Q: 10 minutes is annoying; could it be made much shorter?

Q: if lots of miners join, will blocks be created at a higher rate?

Q: why does Bitcoin extend the longest chain? why not some other rule?

Q: are transactions anonymous?

Q: if I steal bitcoins, is it safe to spend them?

Q: can bitcoins be forged, i.e. a totally fake coin created?

Q: what can adversary do with a majority of CPU power in the world?
   can double-spend and un-spend, by forking
   cannot steal others' bitcoins
   can prevent xaction from entering chain

Q: what if the block format needs to be changed?
   esp if new format wouldn't be acceptable to previous s/w version?
   "hard fork"

Q: how do peers find each other?

Q: what if a peer has been tricked into only talking to corrupt peers?
   how about if it talks to one good peer and many colluding bad peers?

Q: could a brand-new peer be tricked into using the wrong chain entirely?
   what if a peer rejoins after a few years disconnection?
   a few days of disconnection?

Q: how rich are you likely to get with one machine mining?

Q: why does it make sense for the mining reward to decrease with time?

Q: is it a problem that there will be a fixed number of coins?
   what if the real economy grows (or shrinks)?
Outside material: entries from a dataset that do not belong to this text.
text \<open>(Left) socle: sum of all minimal left ideals, i.e. the smallest left ideal
  containing all of them.\<close>
definition socle :: "('a, 'm) ring_scheme \<Rightarrow> 'a set" where
  "socle R = \<Inter> {L. left_ideal R L \<and> (\<forall>N. minimal_left_ideal R N \<longrightarrow> N \<subseteq> L)}"

definition local_ring :: "('a, 'm) ring_scheme \<Rightarrow> bool" where
  "local_ring R \<longleftrightarrow> ring R \<and> (\<exists>!M. maximal_left_ideal R M)"

definition quot_card :: "('a, 'm) ring_scheme \<Rightarrow> 'a set \<Rightarrow> nat" where
  "quot_card R J = card ((\<lambda>x. (\<lambda>j. x \<oplus>\<^bsub>R\<^esub> j) ` J) ` carrier R)"

definition add_chars :: "('a, 'm) ring_scheme \<Rightarrow> ('a \<Rightarrow> complex) set" where
  "add_chars R = {\<chi> \<in> extensional (carrier R).
      (\<forall>x\<in>carrier R. \<chi> x \<noteq> 0) \<and>
      (\<forall>x\<in>carrier R. \<forall>y\<in>carrier R. \<chi> (x \<oplus>\<^bsub>R\<^esub> y) = \<chi> x * \<chi> y)}"

definition generating_char :: "('a, 'm) ring_scheme \<Rightarrow> ('a \<Rightarrow> complex) \<Rightarrow> bool" where
  "generating_char R \<chi> \<longleftrightarrow> \<chi> \<in> add_chars R \<and>
     bij_betw (\<lambda>r. \<lambda>x\<in>carrier R. \<chi> (x \<otimes>\<^bsub>R\<^esub> r)) (carrier R) (add_chars R)"

definition frobenius_ring :: "('a, 'm) ring_scheme \<Rightarrow> bool" where
  "frobenius_ring R \<longleftrightarrow> ring R \<and> finite (carrier R) \<and> (\<exists>\<chi>. generating_char R \<chi>)"

definition left_principal :: "('a, 'm) ring_scheme \<Rightarrow> 'a \<Rightarrow> 'a set" where
  "left_principal R x = (\<lambda>r. r \<otimes>\<^bsub>R\<^esub> x) ` carrier R"

definition normalized_hom_weight :: "('a, 'm) ring_scheme \<Rightarrow> ('a \<Rightarrow> rat) \<Rightarrow> bool" where
  "normalized_hom_weight R \<omega> \<longleftrightarrow>
     \<omega> \<zero>\<^bsub>R\<^esub> = 0 \<and>
     (\<forall>x\<in>carrier R. \<forall>y\<in>carrier R. left_principal R x = left_principal R y \<longrightarrow> \<omega> x = \<omega> y) \<and>
     (\<forall>x\<in>carrier R. x \<noteq> \<zero>\<^bsub>R\<^esub> \<longrightarrow>
        (\<Sum>y\<in>left_principal R x. \<omega> y) = of_nat (card (left_principal R x)))"

definition level_partition :: "('a, 'm) ring_scheme \<Rightarrow> ('a \<Rightarrow> 'b) \<Rightarrow> 'a set set" where
  "level_partition R f = (\<lambda>x. {y \<in> carrier R. f y = f x}) ` carrier R"

definition right_dual :: "('a, 'm) ring_scheme \<Rightarrow> ('a \<Rightarrow> complex) \<Rightarrow> 'a set set \<Rightarrow> 'a set set" where
  "right_dual R \<chi> P = (\<lambda>a. {a' \<in> carrier R. \<forall>B\<in>P.
        (\<Sum>b\<in>B. \<chi> (a \<otimes>\<^bsub>R\<^esub> b)) = (\<Sum>b\<in>B. \<chi> (a' \<otimes>\<^bsub>R\<^esub> b))}) ` carrier R"

definition left_dual :: "('a, 'm) ring_scheme \<Rightarrow> ('a \<Rightarrow> complex) \<Rightarrow> 'a set set \<Rightarrow> 'a set set" where
  "left_dual R \<chi> P = (\<lambda>a. {a' \<in> carrier R. \<forall>B\<in>P.
        (\<Sum>b\<in>B. \<chi> (b \<otimes>\<^bsub>R\<^esub> a)) = (\<Sum>b\<in>B. \<chi> (b \<otimes>\<^bsub>R\<^esub> a'))}) ` carrier R"

definition reflexive_partition :: "('a, 'm) ring_scheme \<Rightarrow> ('a \<Rightarrow> complex) \<Rightarrow> 'a set set \<Rightarrow> bool" where
  "reflexive_partition R \<chi> P \<longleftrightarrow> left_dual R \<chi> (right_dual R \<chi> P) = P"

end

theory Submission
  imports Defs
begin

text \<open>In a finite local ring \<open>S\<close> with \<open>|S/rad S| = |soc S| = q\<close>, a minimal left ideal \<open>Sx\<close> is
  isomorphic to \<open>S/ann x\<close> with \<open>ann x\<close> maximal, i.e. \<open>ann x = rad S\<close>; so it has \<open>q\<close>
  elements and equals the socle, which thus lies in every nonzero principal left ideal.
  In the product \<open>R = \<Prod>\<^sub>k S\<^sub>k\<close> principal ideals and the socle are computed componentwise, and the
  normalized homogeneous weight, being unique, is \<open>\<omega>(x) = 1 - \<Prod>\<^sub>k w\<^sub>k(x\<^sub>k)\<close>, where
  \<open>w\<^sub>k\<close> is \<open>1\<close> at \<open>0\<close>, \<open>-1/(q\<^sub>k-1)\<close> on the rest of the socle and \<open>0\<close> off it:
  over \<open>Rx\<close> the product sum factorizes and some factor sums to \<open>0\<close> over the socle. So
  \<open>\<omega> = 1\<close> exactly off \<open>soc R\<close>, and \<open>\<omega>(a) = 0\<close> means that \<open>\<Prod> -1/(q\<^sub>k-1) = 1\<close> over the
  support of \<open>a\<close>, i.e. an even support with all \<open>q\<^sub>k = 2\<close>. Finally \<open>{0}\<close> is always a
  block of the bidual of a partition, whereas such an \<open>a\<close> shares the block of \<open>0\<close>.\<close>

section \<open>Left ideals and principal left ideals\<close>

lemma (in ring) left_idealI:
  assumes sub: "L \<subseteq> carrier R" and "\<zero> \<in> L"
    and "\<And>a b. a \<in> L \<Longrightarrow> b \<in> L \<Longrightarrow> a \<oplus> b \<in> L"
    and mult: "\<And>r a. r \<in> carrier R \<Longrightarrow> a \<in> L \<Longrightarrow> r \<otimes> a \<in> L"
  shows "left_ideal R L"
proof -
  have "\<ominus> a \<in> L" if a: "a \<in> L" for a
  proof -
    have "\<ominus> a = (\<ominus> \<one>) \<otimes> a" using a sub by (auto simp: l_minus)
    then show ?thesis using mult[OF _ a] by simp
  qed
  then have "subgroup L (add_monoid R)"
    by (intro add.subgroupI) (use assms in \<open>auto simp: a_inv_def\<close>)
  then show ?thesis
    unfolding left_ideal_def using mult by (auto intro: additive_subgroupI)
qed

lemma left_idealD:
  assumes "left_ideal R L"
  shows "L \<subseteq> carrier R" "\<zero>\<^bsub>R\<^esub> \<in> L"
    "\<And>a b. a \<in> L \<Longrightarrow> b \<in> L \<Longrightarrow> a \<oplus>\<^bsub>R\<^esub> b \<in> L"
    "\<And>r a. r \<in> carrier R \<Longrightarrow> a \<in> L \<Longrightarrow> r \<otimes>\<^bsub>R\<^esub> a \<in> L"
  using assms unfolding left_ideal_def
  by (auto simp: additive_subgroup.a_subset additive_subgroup.a_closed
      additive_subgroup.zero_closed)

context ring
begin

lemma left_ideal_carrier: "left_ideal R (carrier R)"
  by (rule left_idealI) auto

lemma left_ideal_zero: "left_ideal R {\<zero>}"
  by (rule left_idealI) auto

lemma left_ideal_image_mult:
  assumes L: "left_ideal R L" and x: "x \<in> carrier R"
  shows "left_ideal R ((\<lambda>l. l \<otimes> x) ` L)"
proof -
  note L' = left_idealD[OF L]
  have [simp]: "l \<in> L \<Longrightarrow> l \<in> carrier R" for l using L'(1) by blast
  show ?thesis
  proof (rule left_idealI)
    show "\<zero> \<in> (\<lambda>l. l \<otimes> x) ` L" using x L'(2) by (intro image_eqI[of _ _ \<zero>]) auto
    fix a b assume "a \<in> (\<lambda>l. l \<otimes> x) ` L" "b \<in> (\<lambda>l. l \<otimes> x) ` L"
    then show "a \<oplus> b \<in> (\<lambda>l. l \<otimes> x) ` L"
      using x L'(3) by (auto simp: l_distr[symmetric])
  next
    fix r a assume "r \<in> carrier R" "a \<in> (\<lambda>l. l \<otimes> x) ` L"
    then show "r \<otimes> a \<in> (\<lambda>l. l \<otimes> x) ` L"
      using x L'(4) by (auto simp: m_assoc[symmetric])
  qed (use x in auto)
qed

lemma left_ideal_left_principal: "x \<in> carrier R \<Longrightarrow> left_ideal R (left_principal R x)"
  unfolding left_principal_def by (rule left_ideal_image_mult[OF left_ideal_carrier])

lemma left_principal_subset: "x \<in> carrier R \<Longrightarrow> left_principal R x \<subseteq> carrier R"
  using left_idealD(1)[OF left_ideal_left_principal] .

lemma left_principal_self: "x \<in> carrier R \<Longrightarrow> x \<in> left_principal R x"
  unfolding left_principal_def by (rule image_eqI[of _ _ \<one>]) auto

lemma left_principal_least: "left_ideal R L \<Longrightarrow> x \<in> L \<Longrightarrow> left_principal R x \<subseteq> L"
  unfolding left_principal_def using left_idealD(4)[of R L _ x] by blast

lemma left_principal_mono:
  "x \<in> carrier R \<Longrightarrow> y \<in> left_principal R x \<Longrightarrow> left_principal R y \<subseteq> left_principal R x"
  by (rule left_principal_least[OF left_ideal_left_principal])

lemma left_principal_zero: "left_principal R \<zero> = {\<zero>}"
  unfolding left_principal_def by auto

lemma left_principal_eq_zero_iff:
  "x \<in> carrier R \<Longrightarrow> left_principal R x = {\<zero>} \<longleftrightarrow> x = \<zero>"
  using left_principal_self left_principal_zero by blast

lemma minimal_left_ideal_exists:
  assumes fin: "finite (carrier R)" and L: "left_ideal R L" "L \<noteq> {\<zero>}"
  shows "\<exists>N. minimal_left_ideal R N \<and> N \<subseteq> L"
proof -
  define F where "F = {L'. left_ideal R L' \<and> L' \<subseteq> L \<and> L' \<noteq> {\<zero>}}"
  have "F \<subseteq> Pow (carrier R)" unfolding F_def using left_idealD(1) by blast
  then have "finite F" using fin by (rule finite_subset[OF _ finite_Pow_iff[THEN iffD2]])
  moreover have "L \<in> F" using L unfolding F_def by blast
  ultimately obtain N where N: "N \<in> F" and least: "\<And>L'. L' \<in> F \<Longrightarrow> L' \<subseteq> N \<Longrightarrow> N = L'"
    using finite_has_minimal[of F] by blast
  have "minimal_left_ideal R N"
    unfolding minimal_left_ideal_def using N least by (auto simp: F_def)
  then show ?thesis using N unfolding F_def by blast
qed

lemma left_coset_eq_iff:
  assumes H: "additive_subgroup H R" and a: "a \<in> carrier R" and b: "b \<in> carrier R"
  shows "(\<lambda>h. a \<oplus> h) ` H = (\<lambda>h. b \<oplus> h) ` H \<longleftrightarrow> \<ominus> a \<oplus> b \<in> H"
proof -
  interpret abelian_subgroup H R by (rule abelian_subgroupI3[OF H is_abelian_group])
  have coset: "(\<lambda>h. x \<oplus> h) ` H = x <+ H" for x unfolding a_l_coset_def' by auto
  show ?thesis
    unfolding coset a_l_coset_eq_rcong[OF a] a_l_coset_eq_rcong[OF b]
      eq_equiv_class_iff[OF a_equiv_rcong a b]
    using a b by (simp add: a_r_congruent_def r_congruent_def a_inv_def)
qed

end

lemma card_image_eq_if_same_fibres:
  assumes "\<And>r s. r \<in> C \<Longrightarrow> s \<in> C \<Longrightarrow> g r = g s \<longleftrightarrow> h r = h s"
  shows "card (g ` C) = card (h ` C)"
proof -
  define \<phi> where "\<phi> y = g (inv_into C h y)" for y
  have \<phi>: "\<phi> (h r) = g r" if "r \<in> C" for r
    unfolding \<phi>_def using assms that inv_into_into[of "h r" h C] f_inv_into_f[of "h r" h C] by blast
  have "g ` C = \<phi> ` h ` C" using \<phi> by (auto simp: image_image)
  moreover have "inj_on \<phi> (h ` C)" by (auto simp: inj_on_def \<phi> assms)
  ultimately show ?thesis by (simp add: card_image)
qed

definition left_annihilator :: "('a, 'm) ring_scheme \<Rightarrow> 'a \<Rightarrow> 'a set" where
  "left_annihilator R x = {r \<in> carrier R. r \<otimes>\<^bsub>R\<^esub> x = \<zero>\<^bsub>R\<^esub>}"

context ring
begin

lemma left_ideal_left_annihilator:
  assumes x: "x \<in> carrier R"
  shows "left_ideal R (left_annihilator R x)"
  by (rule left_idealI) (use x in \<open>auto simp: left_annihilator_def l_distr m_assoc\<close>)

lemma card_left_principal:
  assumes x: "x \<in> carrier R"
  shows "card (left_principal R x) = quot_card R (left_annihilator R x)"
  unfolding left_principal_def quot_card_def
proof (rule card_image_eq_if_same_fibres)
  fix r s assume r: "r \<in> carrier R" and s: "s \<in> carrier R"
  have "(\<ominus> r \<oplus> s) \<otimes> x = \<ominus> (r \<otimes> x) \<oplus> s \<otimes> x"
    using r s x by (simp add: l_distr l_minus)
  then have "r \<otimes> x = s \<otimes> x \<longleftrightarrow> (\<ominus> r \<oplus> s) \<otimes> x = \<zero>"
    using add.inv_solve_left'[of \<zero> "r \<otimes> x" "s \<otimes> x"] r s x by auto
  also have "\<dots> \<longleftrightarrow> (\<lambda>j. r \<oplus> j) ` left_annihilator R x = (\<lambda>j. s \<oplus> j) ` left_annihilator R x"
    using left_coset_eq_iff[OF _ r s] left_ideal_left_annihilator[OF x] r s
    by (auto simp: left_ideal_def left_annihilator_def)
  finally show "r \<otimes> x = s \<otimes> x \<longleftrightarrow>
      (\<lambda>j. r \<oplus> j) ` left_annihilator R x = (\<lambda>j. s \<oplus> j) ` left_annihilator R x" .
qed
Q: why do bitcoins have value?
   e.g. people seem willing to pay $8,935 per bitcoin (on may 5 2020).

Q: will bitcoin scale well?
   in terms of CPU time?
     apparently CPU limits to 4,000 tps (signature checks)
     more than Visa but less than cash
   in terms of storage?
     do you ever need to look at very old blocks?
     do you ever need to xfer the whole block chain?
     merkle tree: block headers vs txn data.
   in terms of network traffic?
      a few megabytes (one block) every ten minutes
   sadly, the maximum block size is limited to a few megabytes

Q: could Bitcoin have been just a ledger w/o a new currency?
   e.g. have dollars be the currency?
   since the currency part is pretty awkward.
   (settlement... mining incentive...)

weak points in the design?
  too bad it's a new currency as well as a payment system
  transaction confirmation takes at least 10 minutes, or 60 for high confidence
  flooding limits performance, may be a point of attack
  maximum block size plus 10 minutes limits max transactions per second
  vulnerable to majority attack
  proof-of-work wastes CPU time, power
  not very anonmyous
  too anonymous -- illegal uses may trigger legal response
  users have trouble securing private keys

key idea: block chain
  public agreed-on ledger is a great idea
  decentralization might be good
  mining is a clever way to avoid sybil attacks in an open system,
    and ensure most blocks are created by benign peers